The weight of the vehicle is suspiciously low, being the weight of a man. A vehicle travelling at 100ft/s is travelling a little less than 70 mph. A quick calculation shows the coefficient of kinetic friction µ to be in excess of 1, whereas it should be between 0 (no friction) and less than 1 for a road, even on the driest days. I suggest the vehicle weight is 2000lb and the calculations below use that assumption. 1HP=33000 ft-lb force per minute=550 ft-lb/sec.

The power of the vehicle must be sufficient to overcome the force of friction opposing the motion.

N=normal force of the vehicle’s weight=2000lb force. Frictional force=2000µ lb force.

Power = force×speed = 2000µ×100=200000µ ft-lb force/sec = 50HP = 27500 ft-lb force/sec. So µ=27500/200000=0.1375.

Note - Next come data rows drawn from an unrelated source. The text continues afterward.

(* Let $\alpha>0$ be an ordinal and let $\mathcal{X}\in\mathfrak{C}_\alpha$. Then there is a countable collection $\{\mathcal{Y}_m\}_{m=1}^\infty$ of families of metric spaces such that for every $R\in\mathbb{R}^{\mathbb{N}}$ there is an $n$ with $\mathcal{X}\xrightarrow{R}\mathcal{Y}_n$ and $\mathcal{Y}_n\in\mathfrak{C}_\beta$ for some $\beta<\alpha$.
   Context: A family $\mathcal{U}$ of metric subspaces of a metric space $(X,d)$ is $r$-disjoint if $d(x,y)>r$ whenever $x\in U$, $y\in U'$, $U\neq U'$ in $\mathcal{U}$. For families $\mathcal{X},\mathcal{Y}$ and $R\in\mathbb{R}^{\mathbb{N}}$, $\mathcal{X}\xrightarrow{R}\mathcal{Y}$ means: there is an integer $k$ such that for each $X\in\mathcal{X}$ there are subcollections $\mathcal{U}_1,\dots,\mathcal{U}_k\subseteq\mathcal{Y}$ of subspaces of $X$, each $\mathcal{U}_i$ being $R_i$-disjoint, with $\bigcup_i\mathcal{U}_i$ covering $X$. A family is bounded if the diameters of its members are uniformly bounded. $\mathfrak{C}_0$ is the class of bounded families; for an ordinal $\alpha>0$, $\mathfrak{C}_\alpha$ is the class of families $\mathcal{X}$ such that for every $R\in\mathbb{R}^{\mathbb{N}}$ there exist $\beta<\alpha$ and $\mathcal{Y}\in\mathfrak{C}_\beta$ with $\mathcal{X}\xrightarrow{R}\mathcal{Y}$. *)

theory Defs
  imports "HOL-Analysis.Analysis"
begin

definition is_subspace :: "'a metric \<Rightarrow> 'a metric \<Rightarrow> bool" where
  "is_subspace U X \<longleftrightarrow> mspace U \<subseteq> mspace X \<and> U = submetric X (mspace U)"

definition r_disjoint :: "real \<Rightarrow> 'a metric \<Rightarrow> 'a metric set \<Rightarrow> bool" where
  "r_disjoint r X \<U> \<longleftrightarrow>
     (\<forall>U\<in>\<U>. \<forall>U'\<in>\<U>. U \<noteq> U' \<longrightarrow>
        (\<forall>x\<in>mspace U. \<forall>y\<in>mspace U'. mdist X x y > r))"

definition bounded_family :: "'a metric set \<Rightarrow> bool" where
  "bounded_family \<X> \<longleftrightarrow>
     (\<exists>B. \<forall>M\<in>\<X>. \<forall>x\<in>mspace M. \<forall>y\<in>mspace M. mdist M x y \<le> B)"

text \<open>The relation X --R--> Y; the sequence R is indexed by the positive naturals 1,2,...\<close>
definition decomposes :: "'a metric set \<Rightarrow> (nat \<Rightarrow> real) \<Rightarrow> 'a metric set \<Rightarrow> bool" where
  "decomposes \<X> R \<Y> \<longleftrightarrow>
     (\<exists>k::nat. \<forall>X\<in>\<X>. \<exists>\<U>::nat \<Rightarrow> 'a metric set.
        (\<forall>i\<in>{1..k}. \<U> i \<subseteq> \<Y> \<and> (\<forall>U\<in>\<U> i. is_subspace U X) \<and> r_disjoint (R i) X (\<U> i))
        \<and> mspace X \<subseteq> (\<Union>i\<in>{1..k}. \<Union>U\<in>\<U> i. mspace U))"

text \<open>The classes C_alpha, for alpha ranging over a well-ordered type 'o (every ordinal is
  represented as an element of some well-ordered type; the definition of C_alpha only depends
  on the initial segment below alpha).\<close>
definition C_class :: "'o::wellorder \<Rightarrow> 'a metric set set" where
  "C_class = wfrec {(x, y). x < y}
     (\<lambda>f \<alpha>. if (\<forall>\<beta>. \<not> \<beta> < \<alpha>) then {\<X>. bounded_family \<X>}
            else {\<X>. \<forall>R. \<exists>\<beta>. \<beta> < \<alpha> \<and> (\<exists>\<Y>. \<Y> \<in> f \<beta> \<and> decomposes \<X> R \<Y>)})"

lemma C_class_unfold:
  "C_class \<alpha> = (if (\<forall>\<beta>. \<not> \<beta> < \<alpha>) then {\<X>. bounded_family \<X>}
            else {\<X>. \<forall>R. \<exists>\<beta>. \<beta> < \<alpha> \<and> (\<exists>\<Y>. \<Y> \<in> C_class \<beta> \<and> decomposes \<X> R \<Y>)})"
  unfolding C_class_def
  apply (subst wfrec[OF wf])
  apply (simp only: cut_def)
  apply (simp cong: conj_cong)
  done

end

theory Submission
  imports Defs "HOL-Library.Countable"
begin

text \<open>Only the first \<open>k\<close> radii of \<open>R\<close> matter for a decomposition into \<open>k\<close> disjoint
  collections, and shrinking them preserves it. Rounding these \<open>k\<close> radii up to natural
  numbers gives a finite list, and there are only countably many such lists; choosing one
  target family per list therefore yields a countable collection serving every \<open>R\<close>.\<close>

definition decomposes_with :: "nat \<Rightarrow> 'a metric set \<Rightarrow> (nat \<Rightarrow> real) \<Rightarrow> 'a metric set \<Rightarrow> bool" where
  "decomposes_with k \<X> R \<Y> \<longleftrightarrow>
     (\<forall>X\<in>\<X>. \<exists>\<U>::nat \<Rightarrow> 'a metric set.
        (\<forall>i\<in>{1..k}. \<U> i \<subseteq> \<Y> \<and> (\<forall>U\<in>\<U> i. is_subspace U X) \<and> r_disjoint (R i) X (\<U> i))
        \<and> mspace X \<subseteq> (\<Union>i\<in>{1..k}. \<Union>U\<in>\<U> i. mspace U))"

lemma decomposes_iff_decomposes_with: "decomposes \<X> R \<Y> \<longleftrightarrow> (\<exists>k. decomposes_with k \<X> R \<Y>)"
  unfolding decomposes_def decomposes_with_def by (rule refl)

lemma r_disjoint_mono:
  assumes "r \<le> r'" "r_disjoint r' X \<U>" shows "r_disjoint r X \<U>"
  using assms unfolding r_disjoint_def by (meson le_less_trans)

lemma decomposes_with_mono:
  assumes "\<forall>i\<in>{1..k}. R i \<le> R' i" "decomposes_with k \<X> R' \<Y>"
  shows "decomposes_with k \<X> R \<Y>"
  using assms unfolding decomposes_with_def by (meson r_disjoint_mono)

definition list_radii :: "nat list \<Rightarrow> nat \<Rightarrow> real" where
  "list_radii s i = real (s ! (i - 1))"

lemma list_radii_ceiling_bounds:
  assumes "i \<in> {1..k}"
  shows "R i \<le> list_radii (map (\<lambda>j. nat \<lceil>R (Suc j)\<rceil>) [0..<k]) i"
    and "list_radii (map (\<lambda>j. nat \<lceil>R (Suc j)\<rceil>) [0..<k]) i \<le> max (R i) 0 + 1"
proof -
  have "i - 1 < k" "Suc (i - 1) = i" using assms by auto
  then have "list_radii (map (\<lambda>j. nat \<lceil>R (Suc j)\<rceil>) [0..<k]) i = real (nat \<lceil>R i\<rceil>)"
    by (simp add: list_radii_def del: upt_Suc)
  moreover have "R i \<le> real (nat \<lceil>R i\<rceil>)" "real (nat \<lceil>R i\<rceil>) \<le> max (R i) 0 + 1"
    by linarith+
  ultimately show "R i \<le> list_radii (map (\<lambda>j. nat \<lceil>R (Suc j)\<rceil>) [0..<k]) i"
    and "list_radii (map (\<lambda>j. nat \<lceil>R (Suc j)\<rceil>) [0..<k]) i \<le> max (R i) 0 + 1"
    by simp_all
qed

lemma decomposes_countable_choice:
  assumes "\<forall>R. \<exists>\<Y>. P \<Y> \<and> decomposes \<X> R \<Y>"
  shows "\<exists>\<Y>::nat \<Rightarrow> 'a metric set. \<forall>R. \<exists>n. decomposes \<X> R (\<Y> n) \<and> P (\<Y> n)"
proof -
  define good where
    "good s \<Y> \<longleftrightarrow> P \<Y> \<and> decomposes_with (length s) \<X> (list_radii s) \<Y>" for s \<Y>
  define F where "F n = (SOME \<Y>. good (from_nat n :: nat list) \<Y>)" for n
  have "\<exists>n. decomposes \<X> R (F n) \<and> P (F n)" for R
  proof -
    obtain \<Y> k where \<Y>: "P \<Y>" "decomposes_with k \<X> (\<lambda>i. max (R i) 0 + 1) \<Y>"
      using assms decomposes_iff_decomposes_with by blast
    define s where "s = map (\<lambda>j. nat \<lceil>R (Suc j)\<rceil>) [0..<k]"
    have "length s = k" by (simp add: s_def)
    have "\<forall>i\<in>{1..k}. list_radii s i \<le> max (R i) 0 + 1"
      unfolding s_def using list_radii_ceiling_bounds(2) by blast
    then have "decomposes_with k \<X> (list_radii s) \<Y>"
      using \<Y>(2) by (rule decomposes_with_mono)
    with \<Y>(1) \<open>length s = k\<close> have "good s \<Y>"
      unfolding good_def by simp
    then have "good s (F (to_nat s))"
      unfolding F_def by (simp add: someI)
    moreover have "\<forall>i\<in>{1..k}. R i \<le> list_radii s i"
      unfolding s_def using list_radii_ceiling_bounds(1) by blast
    ultimately have "P (F (to_nat s))" "decomposes_with k \<X> R (F (to_nat s))"
      unfolding good_def using \<open>length s = k\<close> decomposes_with_mono by auto
    then show ?thesis using decomposes_iff_decomposes_with by blast
  qed
  then show ?thesis by blast
qed

theorem lemma3p6:
  fixes \<alpha> :: "'o::wellorder" and \<X> :: "'a metric set"
  assumes "\<exists>\<beta>. \<beta> < \<alpha>"
    and "\<X> \<in> C_class \<alpha>"
  shows "\<exists>\<Y>::nat \<Rightarrow> 'a metric set. \<forall>R::nat \<Rightarrow> real. \<exists>n.
           decomposes \<X> R (\<Y> n) \<and> (\<exists>\<beta>. \<beta> < \<alpha> \<and> \<Y> n \<in> (C_class \<beta> :: 'a metric set set))"
proof -
  have "\<not> (\<forall>\<beta>. \<not> \<beta> < \<alpha>)" using assms(1) by blast
  then have "C_class \<alpha> = {\<X>. \<forall>R. \<exists>\<beta>. \<beta> < \<alpha> \<and>
      (\<exists>\<Y>. \<Y> \<in> (C_class \<beta> :: 'a metric set set) \<and> decomposes \<X> R \<Y>)}"
    using C_class_unfold[of \<alpha>] by (simp only: if_False)
  with assms(2) have "\<forall>R. \<exists>\<beta>. \<beta> < \<alpha> \<and> (\<exists>\<Y>. \<Y> \<in> (C_class \<beta> :: 'a metric set set) \<and> decomposes \<X> R \<Y>)"
    by simp
  then have "\<forall>R. \<exists>\<Y>. (\<exists>\<beta>. \<beta> < \<alpha> \<and> \<Y> \<in> (C_class \<beta> :: 'a metric set set)) \<and> decomposes \<X> R \<Y>"
    by blast
  then show ?thesis by (rule decomposes_countable_choice)
qed

end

The angle of the slope (1 foot rise for every 100 feet of road) θ is given by sinθ=1/20=0.05. The normal force on the road is diluted by the slope=2000cosθ=1997.5 approx, so the frictional force=1997.5µ=274.656 lb force. The weight of the vehicle also opposes the motion and on the slope this is equivalent to 2000sinθ=100 lb force. The total opposing force is 374.656lb force. The speed is v so 374.656v=27500, and v=27500/374.656=73.4 ft/sec approx.

If the weight of the vehicle is 200lb, µ=1.375 instead of 0.1375. On the slope the frictional force remains the same but the weight of the vehicle pulling down the slope is 10lb instead of 100lb, and the reduced speed is 27500/284.656=96.61 ft/s approx.